I opened my mouth to speak then closed it.
“I know that’s easier said than done, Hilary. I can’t imagine how hard it must be, but you must see how deeply your partner hurts when remorse sets in. In the unfair world of chemical imbalance, I say indulge and embrace that aspect. Don’t delight in it, but use it as a comfort to you that when your partner’s hurt you, he’s hurt himself. It takes thick skin to be an ADHD partner. How you deal with it day to day, year to year, is entirely up to you.”
I nodded again, knowing the truth of that.
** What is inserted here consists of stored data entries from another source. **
(* Every expanding automaton semigroup is residually finite.
   Context: An expanding automaton is a quadruple $\mathcal{A}=(Q,\Sigma,t,o)$ with $Q$ a finite set of states, $\Sigma$ a finite alphabet, $t:Q\times\Sigma\to Q$ and $o:Q\times\Sigma\to\Sigma^+$. Each state $q$ induces $q:\Sigma^*\to\Sigma^*$ by $q(\emptyset)=\emptyset$ and $q(\sigma w)=o(q,\sigma)\,q'(w)$ with $q'=t(q,\sigma)$. An expanding automaton semigroup is (a semigroup isomorphic to) the semigroup of maps $\Sigma^*\to\Sigma^*$ generated under composition by the states of an expanding automaton. *)

theory Defs
  imports Main
begin

fun state_map :: "('q \<Rightarrow> 'a \<Rightarrow> 'q) \<Rightarrow> ('q \<Rightarrow> 'a \<Rightarrow> 'a list) \<Rightarrow> 'q \<Rightarrow> 'a list \<Rightarrow> 'a list" where
  "state_map tr out q [] = []"
| "state_map tr out q (\<sigma> # w) = out q \<sigma> @ state_map tr out (tr q \<sigma>) w"

inductive_set gen_semigroup :: "('b \<Rightarrow> 'b) set \<Rightarrow> ('b \<Rightarrow> 'b) set" for G where
  gen: "f \<in> G \<Longrightarrow> f \<in> gen_semigroup G"
| comp: "f \<in> gen_semigroup G \<Longrightarrow> g \<in> gen_semigroup G \<Longrightarrow> f \<circ> g \<in> gen_semigroup G"

definition automaton_semigroup :: "('q \<Rightarrow> 'a \<Rightarrow> 'q) \<Rightarrow> ('q \<Rightarrow> 'a \<Rightarrow> 'a list) \<Rightarrow> ('a list \<Rightarrow> 'a list) set" where
  "automaton_semigroup tr out = gen_semigroup (range (state_map tr out))"

text \<open>A semigroup (S, mult) is residually finite if any two distinct elements are
  separated by a congruence of finite index (equivalently, by a homomorphism
  onto a finite semigroup).\<close>
definition residually_finite :: "'b set \<Rightarrow> ('b \<Rightarrow> 'b \<Rightarrow> 'b) \<Rightarrow> bool" where
  "residually_finite S mult \<longleftrightarrow>
     (\<forall>x\<in>S. \<forall>y\<in>S. x \<noteq> y \<longrightarrow>
        (\<exists>R. equiv S R
             \<and> (\<forall>a b c. (a, b) \<in> R \<and> c \<in> S \<longrightarrow>
                   (mult a c, mult b c) \<in> R \<and> (mult c a, mult c b) \<in> R)
             \<and> finite (S // R)
             \<and> (x, y) \<notin> R))"

end

theory Submission
  imports Defs "HOL-Library.FuncSet"
begin

(* Call a map h on words causal if the first n letters of h u depend
   only on the first n letters of u.  Since an expanding automaton writes at least
   one letter per letter read, every state map is causal, and causal maps are closed
   under composition, so the whole automaton semigroup consists of causal maps.
   For fixed n, the truncation  trunc n f = (u \<mapsto> first n letters of f (first n
   letters of u))  is multiplicative on causal maps and takes only finitely many
   values over a finite alphabet.  Two distinct elements x, y differ on some word w,
   and trunc n separates them once n exceeds the lengths of w, x w and y w. *)

text \<open>The kernel of a multiplicative map is a congruence, and its index is bounded
  by the size of the image; hence separating homomorphisms give residual finiteness.\<close>
lemma residually_finite_if_separating_homs:
  assumes closed: "\<And>a b. a \<in> S \<Longrightarrow> b \<in> S \<Longrightarrow> mult a b \<in> S"
    and separating: "\<And>x y. x \<in> S \<Longrightarrow> y \<in> S \<Longrightarrow> x \<noteq> y \<Longrightarrow>
      \<exists>h :: 'b \<Rightarrow> 'c. (\<forall>a\<in>S. \<forall>b\<in>S. h (mult a b) = mult' (h a) (h b))
             \<and> finite (h ` S) \<and> h x \<noteq> h y"
  shows "residually_finite S mult"
  unfolding residually_finite_def
proof (intro ballI impI)
  fix x y assume x: "x \<in> S" and y: "y \<in> S" and "x \<noteq> y"
  then obtain h :: "'b \<Rightarrow> 'c" where
    hom: "\<forall>a\<in>S. \<forall>b\<in>S. h (mult a b) = mult' (h a) (h b)"
    and fin: "finite (h ` S)" and sep: "h x \<noteq> h y"
    using separating by blast
  define R where "R = {(a, b). a \<in> S \<and> b \<in> S \<and> h a = h b}"
  have "equiv S R"
    unfolding R_def by (rule equivI) (auto simp: refl_on_def sym_def trans_def)
  moreover have "(mult a c, mult b c) \<in> R \<and> (mult c a, mult c b) \<in> R"
    if "(a, b) \<in> R" and "c \<in> S" for a b c
    using that hom closed unfolding R_def by auto
  moreover have "finite (S // R)"
  proof -
    have "R `` {a} = {b \<in> S. h b = h a}" if "a \<in> S" for a
      using that unfolding R_def by auto
    then have "S // R \<subseteq> (\<lambda>t. {b \<in> S. h b = t}) ` (h ` S)"
      unfolding quotient_def by auto
    then show ?thesis using fin finite_subset by blast
  qed
  moreover have "(x, y) \<notin> R" using sep unfolding R_def by simp
  ultimately show "\<exists>R. equiv S R
      \<and> (\<forall>a b c. (a, b) \<in> R \<and> c \<in> S \<longrightarrow> (mult a c, mult b c) \<in> R \<and> (mult c a, mult c b) \<in> R)
      \<and> finite (S // R) \<and> (x, y) \<notin> R"
    by blast
qed

definition causal :: "('a list \<Rightarrow> 'b list) \<Rightarrow> bool" where
  "causal h \<longleftrightarrow> (\<forall>n u. take n (h u) = take n (h (take n u)))"

lemma causal_comp:
  assumes f: "causal f" and g: "causal g"
  shows "causal (f \<circ> g)"
  unfolding causal_def
proof (intro allI)
  fix n u
  have "take n (f (g u)) = take n (f (take n (g u)))" using f unfolding causal_def by blast
  also have "take n (g u) = take n (g (take n u))" using g unfolding causal_def by blast
  also have "take n (f (take n (g (take n u)))) = take n (f (g (take n u)))"
    using f unfolding causal_def by metis
  finally show "take n ((f \<circ> g) u) = take n ((f \<circ> g) (take n u))" by simp
qed

lemma gen_semigroup_causal:
  assumes "\<And>g. g \<in> G \<Longrightarrow> causal g"
  shows "f \<in> gen_semigroup G \<Longrightarrow> causal f"
  by (induction rule: gen_semigroup.induct) (blast intro: assms causal_comp)+

lemma state_map_append_prefix:
  "\<exists>ts. state_map tr out q (u @ v) = state_map tr out q u @ ts"
  by (induction u arbitrary: q) auto

lemma state_map_length_ge:
  assumes expanding: "\<And>q \<sigma>. out q \<sigma> \<noteq> []"
  shows "length u \<le> length (state_map tr out q u)"
proof (induction u arbitrary: q)
  case (Cons a u)
  have "out q a \<noteq> []" using expanding by blast
  then show ?case using Cons[of "tr q a"] by (cases "out q a") auto
qed simp

lemma state_map_causal:
  assumes expanding: "\<And>q \<sigma>. out q \<sigma> \<noteq> []"
  shows "causal (state_map tr out q)"
  unfolding causal_def
proof (intro allI)
  fix n u
  show "take n (state_map tr out q u) = take n (state_map tr out q (take n u))"
  proof (cases "length u \<le> n")
    case True then show ?thesis by simp
  next
    case False
    obtain ts where ts: "state_map tr out q (take n u @ drop n u) = state_map tr out q (take n u) @ ts"
      using state_map_append_prefix[of tr out q "take n u" "drop n u"] by blast
    have "n \<le> length (state_map tr out q (take n u))"
      using state_map_length_ge[of out "take n u" tr q, OF expanding] False by simp
    then show ?thesis using ts by simp
  qed
qed

definition trunc :: "nat \<Rightarrow> ('a list \<Rightarrow> 'a list) \<Rightarrow> ('a list \<Rightarrow> 'a list)" where
  "trunc n f = (\<lambda>u. take n (f (take n u)))"

lemma trunc_comp:
  assumes "causal f"
  shows "trunc n (f \<circ> g) = trunc n f \<circ> trunc n g"
proof
  fix u
  have "take n (f (g (take n u))) = take n (f (take n (g (take n u))))"
    using assms unfolding causal_def by blast
  then show "trunc n (f \<circ> g) u = (trunc n f \<circ> trunc n g) u"
    unfolding trunc_def by simp
qed

text \<open>Over a finite alphabet there are only finitely many level-n truncations: each is
  determined by a map from words of length at most n to words of length at most n.\<close>
lemma finite_range_trunc: "finite (range (trunc n :: ('a::finite list \<Rightarrow> 'a list) \<Rightarrow> _))"
proof -
  define L where "L = {xs :: 'a list. length xs \<le> n}"
  define extend where "extend r = (\<lambda>u. r (take n u))" for r :: "'a list \<Rightarrow> 'a list"
  have "finite L"
    using finite_lists_length_le[of "UNIV :: 'a set" n] unfolding L_def by simp
  then have "finite (extend ` (L \<rightarrow>\<^sub>E L))"
    by (simp add: finite_PiE)
  moreover have "trunc n f \<in> extend ` (L \<rightarrow>\<^sub>E L)" for f :: "'a list \<Rightarrow> 'a list"
  proof (rule image_eqI)
    show "trunc n f = extend (restrict (\<lambda>v. take n (f v)) L)"
      unfolding trunc_def extend_def L_def by auto
    show "restrict (\<lambda>v. take n (f v)) L \<in> L \<rightarrow>\<^sub>E L"
      unfolding L_def by auto
  qed
  ultimately show ?thesis by (meson finite_subset image_subsetI)
qed

theorem mainTheorem8:
  fixes tr :: "'q::finite \<Rightarrow> 'a::finite \<Rightarrow> 'q"
    and out :: "'q \<Rightarrow> 'a \<Rightarrow> 'a list"
  assumes expanding: "\<And>q \<sigma>. out q \<sigma> \<noteq> []"
  shows "residually_finite (automaton_semigroup tr out) (\<circ>)"
proof (rule residually_finite_if_separating_homs)
  let ?S = "automaton_semigroup tr out"
  have causal: "causal f" if "f \<in> ?S" for f
    using that gen_semigroup_causal[of "range (state_map tr out)"]
      state_map_causal[of out tr, OF expanding]
    unfolding automaton_semigroup_def by blast
  show "f \<circ> g \<in> ?S" if "f \<in> ?S" "g \<in> ?S" for f g
    using that unfolding automaton_semigroup_def by (rule gen_semigroup.comp)
  fix x y assume "x \<in> ?S" "y \<in> ?S" "x \<noteq> y"
  then obtain w where w: "x w \<noteq> y w" by blast
  define n where "n = max (length w) (max (length (x w)) (length (y w)))"
  have "trunc n x w \<noteq> trunc n y w" unfolding trunc_def n_def using w by simp
  then have "trunc n x \<noteq> trunc n y" by auto
  moreover have "finite (trunc n ` ?S)"
    using finite_subset[OF image_mono[OF subset_UNIV] finite_range_trunc] .
  moreover have "\<forall>a\<in>?S. \<forall>b\<in>?S. trunc n (a \<circ> b) = trunc n a \<circ> trunc n b"
    using causal trunc_comp by blast
  ultimately show "\<exists>h :: _ \<Rightarrow> 'a list \<Rightarrow> 'a list. (\<forall>a\<in>?S. \<forall>b\<in>?S. h (a \<circ> b) = h a \<circ> h b) \<and> finite (h ` ?S) \<and> h x \<noteq> h y"
    by (intro exI[of _ "trunc n"]) blast
qed

end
Dr. Sawyer looked at his watch. “Okay, so you may have noticed some of these particulars,” he continued, pointing once again at the board. “Social cues that we would normally take from others, facial expressions, body language, when to shut up, ADHD patients may never pick up on. This also can include saying something inappropriate—”
“Or lying,” I interrupted.
“Or interrupting people with a change in conversation topic.” Dr. Sawyer chuckled as he raised a brow to look back at me. “In what context is the lying being done?”
“I don’t know. Sometimes I’ll catch him exaggerating the truth to make himself look better, or to impress me. Or flat out lying about something I know isn’t true for the same purpose. It makes me feel...a little sick inside. It’s one of my hang ups with this and he sometimes puts me in the position to lie with or for him. And sometimes it seems like he does it to get out of trouble or avoid the truth, altogether. He doesn’t do it all the time.”
“So these lies aren’t harmful?” he questioned.
“Never, not really. It’s just...it makes me uncomfortable.”
“ADHD patients struggle every day to fit in; they struggle every single day for acceptance. It’s not uncommon for people with it to lie about simple things you may find trivial in order to fit in with a conversation. Lying to avoid disappointment is also common. ADHD sufferers don’t want to feel disliked or unwanted in any capacity, so in a way it’s a defense mechanism for him. They want love and acceptance, and not just by you, by the people who are important to you and to them and by complete strangers on the street. All of us want that same acceptance. It’s human nature, but with ADHD they need it even more. ADHD craves acceptance. They may lie to keep from disappointing you or others. It’s a constant struggle. In some cases they may inadvertently lie with every intention of making the statement true and not following through, making a statement a lie. I’m not trying to justify lying or tell you to simply accept it. I’m simply stating the fact for the case of those afflicted.”